Supervised learning (SL) is the machine learning task of learning a function that maps an input to an output based on example input-output pairs. In supervised learning, each example is a pair consisting of an input and a desired output value. A supervised learning algorithm analyzes the training data and produces an inferred function, which can be used for mapping new examples. An optimal scenario will allow for the algorithm to correctly determine the class labels for unseen instances. This requires the learning algorithm to generalize from the training data to unseen situations.

The most widely used learning algortithms are:

  - Support-vector machines
  - Linear regression
  - Logistic regression
  - Naive Bayes
  - Decision trees
  - K-nearest neighbor algorithm
  - Neural networks (Multilayer perceptron)
  
Supervised learning methods are used for problems like:
  - Classification; assigning a categorical laber to each observation
  - Regression; assigning a numeric value to each observation

### Unsupervised learning

Unsupervised learning (UL) is a type of machine learning in which the algorithm is not provided with any pre-assigned labels or scores for the training data. As a result, unsupervised learning algorithms must first self-discover any naturally occurring patterns in that training data set. Advantages of unsupervised learning include a minimal workload to prepare and audit the training set, in contrast to supervised learning techniques where a considerable amount of expert human labor is required to assign and verify the initial tags, and greater freedom to identify and exploit previously undetected patterns.
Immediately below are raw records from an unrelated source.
(* Fix $\omega_c>0$. For each integer $D\ge 1$ define the polynomial in $z^{-1}$ $$\psi_D(z):=\sum_{i=0}^{D-1}\frac{2\omega_c}{D\pi}\,\mathrm{sinc}\!\left(\frac{2\omega_c}{D\pi}\Big(i-\frac{D-1}{2}\Big)\right)z^{-i},$$ where $\mathrm{sinc}(x)=\sin(\pi x)/(\pi x)$ for $x\neq 0$ and $\mathrm{sinc}(0)=1$. Then for every fixed $\omega\in\mathbb{R}$, $$\lim_{D\to\infty}\left|\psi_D\!\left(e^{-2\mathrm{i}\omega/D}\right)\right|=\frac{\left|\mathrm{Si}(\omega+\omega_c)-\mathrm{Si}(\omega-\omega_c)\right|}{\pi}=:|\Psi(\omega)|,$$ where $\mathrm{Si}(s)=\int_0^s\frac{\sin\theta}{\theta}\,d\theta$ is the sine integral. Moreover $|\Psi(\omega)|\to 0$ as $\omega\to\pm\infty$, and consequently, for any fixed $\delta\in(0,1)$, the quantity $\frac{\delta^2|\Psi(\omega)|^2}{1-\delta^2|\Psi(\omega)|^2}$ tends to $0$ as $\omega\to\pm\infty$.
   Context: Here $e^{-2\mathrm{i}\omega/D}$ is the point $z(\omega)=e^{-2\mathrm{i}\omega\epsilon}$ with $\epsilon=1/D$, which lies on the unit circle for real $\omega$. *)

theory Defs
  imports "HOL-Probability.Sinc_Integral"
begin

definition nsinc :: "real \<Rightarrow> real" where
  "nsinc x = (if x = 0 then 1 else sin (pi * x) / (pi * x))"

definition psiD :: "real \<Rightarrow> nat \<Rightarrow> complex \<Rightarrow> complex" where
  "psiD wc D z = (\<Sum>i<D. complex_of_real
      ((2 * wc / (real D * pi)) * nsinc ((2 * wc / (real D * pi)) * (real i - (real D - 1) / 2)))
      * (inverse z) ^ i)"

definition absPsi :: "real \<Rightarrow> real \<Rightarrow> real" where
  "absPsi wc w = \<bar>Si (w + wc) - Si (w - wc)\<bar> / pi"

end

theory Submission
  imports Defs
begin

text \<open>On the unit circle \<open>z = e^{-2i\<omega>/D}\<close> the coefficients of \<open>\<psi>\<^sub>D\<close> are symmetric about
  \<open>(D - 1)/2\<close>, so after pulling out the unimodular factor \<open>z^{-(D-1)/2}\<close> the value \<open>\<psi>\<^sub>D(z)\<close> becomes a
  real midpoint Riemann sum over \<open>[-1, 1]\<close> of the kernel \<open>s \<mapsto> \<omega>\<^sub>c sinc(\<omega>\<^sub>c s) cos(\<omega> s) / \<pi>\<close>.
  By the product-to-sum formula this kernel is the derivative of
  \<open>(Si((\<omega>\<^sub>c + \<omega>) s) + Si((\<omega>\<^sub>c - \<omega>) s)) / (2\<pi>)\<close>, so the sums converge to
  \<open>(Si(\<omega> + \<omega>\<^sub>c) - Si(\<omega> - \<omega>\<^sub>c)) / \<pi>\<close>. Decay at \<open>\<plusminus>\<infinity>\<close> follows from \<open>Si(s) \<rightarrow> \<pi>/2\<close>.\<close>

lemma midpoint_rule_error:
  fixes H h :: "real \<Rightarrow> real"
  assumes "0 < \<delta>"
    and der: "\<And>x. x \<in> {u..u + \<delta>} \<Longrightarrow> (H has_real_derivative h x) (at x)"
    and osc: "\<And>x y. x \<in> {u..u + \<delta>} \<Longrightarrow> y \<in> {u..u + \<delta>} \<Longrightarrow> \<bar>h x - h y\<bar> \<le> \<epsilon>"
  shows "\<bar>\<delta> * h (u + \<delta> / 2) - (H (u + \<delta>) - H u)\<bar> \<le> \<delta> * \<epsilon>"
proof -
  obtain z where z: "u < z" "z < u + \<delta>" and mvt: "H (u + \<delta>) - H u = \<delta> * h z"
    using MVT2[of u "u + \<delta>" H h] der \<open>0 < \<delta>\<close> by auto
  have "\<bar>\<delta> * h (u + \<delta> / 2) - (H (u + \<delta>) - H u)\<bar> = \<delta> * \<bar>h (u + \<delta> / 2) - h z\<bar>"
    using \<open>0 < \<delta>\<close> by (simp add: mvt abs_mult flip: right_diff_distrib)
  also have "\<dots> \<le> \<delta> * \<epsilon>"
    using osc z \<open>0 < \<delta>\<close> by (intro mult_left_mono) auto
  finally show ?thesis .
qed
(* Let $\beta,p,n$ be positive integers and $\mathcal{S}=\mathcal{S}_n(\beta,p)$. If $G_1,\ldots,G_M$ are pairwise disjoint $\mathcal{S}$-good subsets of $V_n$, then there exists a $(1,\beta,p)$-constrained code on $n$ cells of size $M$. In particular, if $G$ is an $\mathcal{S}$-good $(n,k)$ binary linear code, then there exists a $(1,\beta,p)$-constrained code with rate $\frac{n-k}{n}$.
   Context: $V_n=\{0,1\}^n$ with componentwise addition mod 2. A binary vector is $(\beta,p)$-window-weight-limited if every $\beta$ consecutive entries contain at most $p$ ones; $\mathcal{S}_n(\beta,p)$ is the set of such vectors of length $n$. For $B_1,B_2\subseteq V_n$, $B_1+B_2=\{\mathbf{b}_1+\mathbf{b}_2:\mathbf{b}_1\in B_1,\mathbf{b}_2\in B_2\}$. A subset $B\subseteq V_n$ is $\mathcal{S}$-good if $\mathcal{S}+B=V_n$. An $(n,k)$ linear code is a $k$-dimensional subspace of $V_n$. A code on $n$ binary cells consists, for each write $i\ge1$, of an encoder $\mathcal{E}_i:\{1,\ldots,M_i\}\times\{0,1\}^n\to\{0,1\}^n$ and decoder $\mathcal{D}_i:\{0,1\}^n\to\{1,\ldots,M_i\}$ with $\mathcal{D}_i(\mathcal{E}_i(m,\mathbf{u}))=m$ (the decoder sees only the new state); it has size $M$ if $M_i=M$ for all $i$, in which case its rate is $\frac{\log_2M}{n}$. Starting from the zero state, messages produce states $\mathbf{v}_i=\mathcal{E}_i(m_i,\mathbf{v}_{i-1})$; the code is $(1,\beta,p)$-constrained if for every message sequence and every $i\ge0$, $\mathbf{v}_i+\mathbf{v}_{i+1}$ has at most $p$ ones in every $\beta$ consecutive positions. *)

theory Defs
  imports Complex_Main "HOL-Library.Z2" "HOL-Library.Function_Algebras"
begin
(* Let $A$ be a finite-dimensional evolution algebra over a field $\mathbb{K}$ with natural basis $B$. \begin{enumerate} \item[(i)] If $I$ is an ideal of $A$ with $I=\mathbb{K}u$ and $|\mathrm{supp}_B(u)|>1$, then $A/I$ is not simple. \item[(ii)] If $A=A_1\otimes A_2$ where $A_1,A_2$ are evolution $\mathbb{K}$-algebras with $\dim A_1>1$ and $\dim A_2>1$ (so $A$ is tensorially decomposable), and $0\neq I$ is an ideal of $A$ with $I=\mathbb{K}u$, then $A/I$ is not simple. \end{enumerate}
   Context: An evolution algebra over $\mathbb{K}$ is a $\mathbb{K}$-algebra with a basis $B=\{e_1,\dots,e_n\}$ (natural basis) such that $e_ie_j=0$ for $i\neq j$. For $u=\sum_i\alpha_ie_i\in A$, $\mathrm{supp}_B(u)=\{i:\alpha_i\neq0\}$. The tensor product $A_1\otimes A_2$ of evolution algebras with natural bases $\{a_i\}$, $\{b_p\}$ is the evolution algebra with natural basis $\{a_i\otimes b_p\}$ and product $(a\otimes b)(a'\otimes b')=aa'\otimes bb'$. A $\mathbb{K}$-algebra is simple if its square is nonzero and its only ideals are $0$ and itself. *)

theory Defs
  imports Main
begin

definition alg_ideal ::
  "'a set \<Rightarrow> ('a \<Rightarrow> 'a \<Rightarrow> 'a) \<Rightarrow> ('k \<Rightarrow> 'a \<Rightarrow> 'a) \<Rightarrow> ('a \<Rightarrow> 'a \<Rightarrow> 'a) \<Rightarrow> 'a \<Rightarrow> 'a set \<Rightarrow> bool"
  where "alg_ideal S add sm mul z I \<longleftrightarrow>
     I \<subseteq> S \<and> z \<in> I \<and> (\<forall>x\<in>I. \<forall>y\<in>I. add x y \<in> I) \<and> (\<forall>a. \<forall>x\<in>I. sm a x \<in> I) \<and>
     (\<forall>x\<in>I. \<forall>a\<in>S. mul a x \<in> I \<and> mul x a \<in> I)"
The most widely used learning algortithms are:

  - Hierarchical clustering
  - K-means
  - Mixture models

Supervised learning methods are used for problems like:
  - Clustering; find the optimal way to slit the data into distinct groups
  - Dimensionality reduction; project the data in a lower dimensional space

### Reinforcement learning
Reinforcement learning (RL) is an area of machine learning concerned with how intelligent agents ought to take actions in an environment in order to maximize the notion of cumulative reward. Reinforcement learning differs from supervised learning in not needing labelled input/output pairs be presented, and in not needing sub-optimal actions to be explicitly corrected. Instead the focus is on finding a balance between exploration (of uncharted territory) and exploitation (of current knowledge).

# Data Preparation and Exploration

Data preparation is a critical step in any machine learning workflow. The quality and structure of your data directly affect the performance of your model. In this section, we will cover the essential steps for preparing your data for machine learning:

1. Loading datasets in Python.
2. Cleaning data by handling missing values and removing duplicates.
3. Performing Exploratory Data Analysis (EDA) to understand the data.
4. Feature engineering, including feature scaling and encoding categorical variables.

Let's get started with loading a dataset. In this section we will work with the [*heart disease*](https://archive.ics.uci.edu/dataset/45/heart+disease) dataset, where the goal is to predict the precense of heart disease (values >0) or not (0).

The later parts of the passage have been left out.